Records contained in a dataset:

(* Let $A$ be a noetherian algebra with a dimension function $\partial$, and let $d$ be a positive integer. Suppose $$X:\ 0\to X^0\xrightarrow{f^0}X^1\xrightarrow{f^1}\cdots\to X^d\xrightarrow{f^d}X^{d+1}\to\cdots$$ is a complex of finitely generated right $A$-modules with cohomology $H^i$ such that: (1) $\operatorname{dep}X^i\ge d-i$ for all $i\ge0$; (2) $H^i=0$ for all $i\ge d$; (3) each $H^i$ has $\partial(H^i)\le0$, for all $i\ge0$. Then $X$ is exact.
   Context: A dimension function on right $A$-modules is a function $\partial$ with values in $\mathbb{R}_{\ge0}\cup\{\pm\infty\}$ such that $\partial(M)=-\infty$ iff $M=0$, and $\partial(M)\ge\max\{\partial(N),\partial(M/N)\}$ for every submodule $N\subseteq M$. For a finitely generated right $A$-module $M$, $\operatorname{dep}M=\operatorname{dep}_AM=\inf\{i:\operatorname{Ext}^i_A(S,M)\ne0\text{ for some finitely generated right }A\text{-module }S\text{ with }\partial(S)\le0\}\in\mathbb{N}\cup\{+\infty\}$. *)

theory Defs
  imports "HOL-Library.Extended_Real"
begin

text \<open>Vectors are finitely supported functions nat => 'a (the free right module of countable rank);
 right scalar action is componentwise right multiplication. Every (countably generated, in
 particular every finitely generated) right A-module is isomorphic to a subquotient N/K with
 K \<subseteq> N submodules of this free module; a module is represented by the pair (N, K).\<close>

type_synonym 'a vec = "nat \<Rightarrow> 'a"
type_synonym 'a sq = "'a vec set \<times> 'a vec set"
lemma gap_at_lower_termination:
  assumes "1 \<le> k" "reached k" "T1 k"
  shows "f (xu (k - 1)) - flow k \<le> (1 - (1 - \<theta>) * min \<beta> (1 - \<beta>)) * (f p - lb)"
proof (rule gap_bound_lower_termination[OF lb_le_fp _ _ _ l_def])
  show "f (xu (k - 1)) \<le> f p" using fup_invariant[of "k - 1"] assms(1,2) by simp
  show "l - \<theta> * (l - lb) \<le> flow k" using assms(3) step0 by (simp add: T1_def)
qed (use \<beta> \<theta> in auto)

lemma gap_at_upper_termination:
  assumes "1 \<le> k" "reached k" "\<not> T1 k" "T3 k"
  shows "f (xu k) - flow k \<le> (1 - (1 - \<theta>) * min \<beta> (1 - \<beta>)) * (f p - lb)"
proof (rule gap_bound_upper_termination[OF lb_le_fp _ _ _ l_def])
  show "f (xu k) \<le> l + \<theta> * (f p - l)"
    using step3[rule_format, OF assms(1)] assms cut_region_nonempty[OF assms(1-3)] step0
    by (simp add: T3_def)
  show "lb \<le> flow k" using flow_bounds assms(2) by blast
qed (use \<beta> \<theta> in auto)

end
text \<open>At any time t, a monitor with scan period f i has performed a round within the last f i
  time units, so its local snapshot reproduces the network at some moment of (t - f i, t].
  If an error frame were longer than the (floor(|Gamma|/2)+1)-th smallest period d, then at
  a time t more than d after its start, the strict majority of monitors with period at most d
  would all reproduce the network of the frame, and so would the global snapshot: no error.
  Conversely, if a connection appears at time 0 and monitor i scans at the multiples of f i,
  the connection enters a strict majority of the local snapshots only at time d.\<close>

lemma card_filter_eq_length_filter_sorted:
  assumes "finite A"
  shows "card {a\<in>A. P (f a)} = length (filter P (sorted_list_of_multiset (image_mset f (mset_set A))))"
proof -
  have "length (filter P (sorted_list_of_multiset (image_mset f (mset_set A))))
      = size (filter_mset P (image_mset f (mset_set A)))"
    by (metis mset_filter mset_sorted_list_of_multiset size_mset)
  also have "\<dots> = size (image_mset f (filter_mset (\<lambda>x. P (f x)) (mset_set A)))"
    by (simp add: filter_mset_image_mset)
  also have "\<dots> = card {a\<in>A. P (f a)}"
    using assms by simp
  finally show ?thesis by simp
qed

lemma sorted_nth_less_length_filter_le:
  assumes "sorted xs" and "k < length xs"
  shows "k < length (filter (\<lambda>x. x \<le> xs ! k) xs)"
proof -
  have "filter (\<lambda>x. x \<le> xs ! k) (take (k + 1) xs) = take (k + 1) xs"
    using assms by (auto simp: filter_id_conv in_set_conv_nth sorted_nth_mono)
  then have "length (filter (\<lambda>x. x \<le> xs ! k) (take (k + 1) xs)) = k + 1"
    using assms(2) by simp
  moreover have "filter (\<lambda>x. x \<le> xs ! k) xs
      = filter (\<lambda>x. x \<le> xs ! k) (take (k + 1) xs) @ filter (\<lambda>x. x \<le> xs ! k) (drop (k + 1) xs)"
    by (metis append_take_drop_id filter_append)
  ultimately show ?thesis by simp
qed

Work instructions: Quote exactly the first line of the data and every line after it through the one holding "theory Defs".

Your solution:
(* Let $A$ be a noetherian algebra with a dimension function $\partial$, and let $d$ be a positive integer. Suppose $$X:\ 0\to X^0\xrightarrow{f^0}X^1\xrightarrow{f^1}\cdots\to X^d\xrightarrow{f^d}X^{d+1}\to\cdots$$ is a complex of finitely generated right $A$-modules with cohomology $H^i$ such that: (1) $\operatorname{dep}X^i\ge d-i$ for all $i\ge0$; (2) $H^i=0$ for all $i\ge d$; (3) each $H^i$ has $\partial(H^i)\le0$, for all $i\ge0$. Then $X$ is exact.
   Context: A dimension function on right $A$-modules is a function $\partial$ with values in $\mathbb{R}_{\ge0}\cup\{\pm\infty\}$ such that $\partial(M)=-\infty$ iff $M=0$, and $\partial(M)\ge\max\{\partial(N),\partial(M/N)\}$ for every submodule $N\subseteq M$. For a finitely generated right $A$-module $M$, $\operatorname{dep}M=\operatorname{dep}_AM=\inf\{i:\operatorname{Ext}^i_A(S,M)\ne0\text{ for some finitely generated right }A\text{-module }S\text{ with }\partial(S)\le0\}\in\mathbb{N}\cup\{+\infty\}$. *)

theory Defs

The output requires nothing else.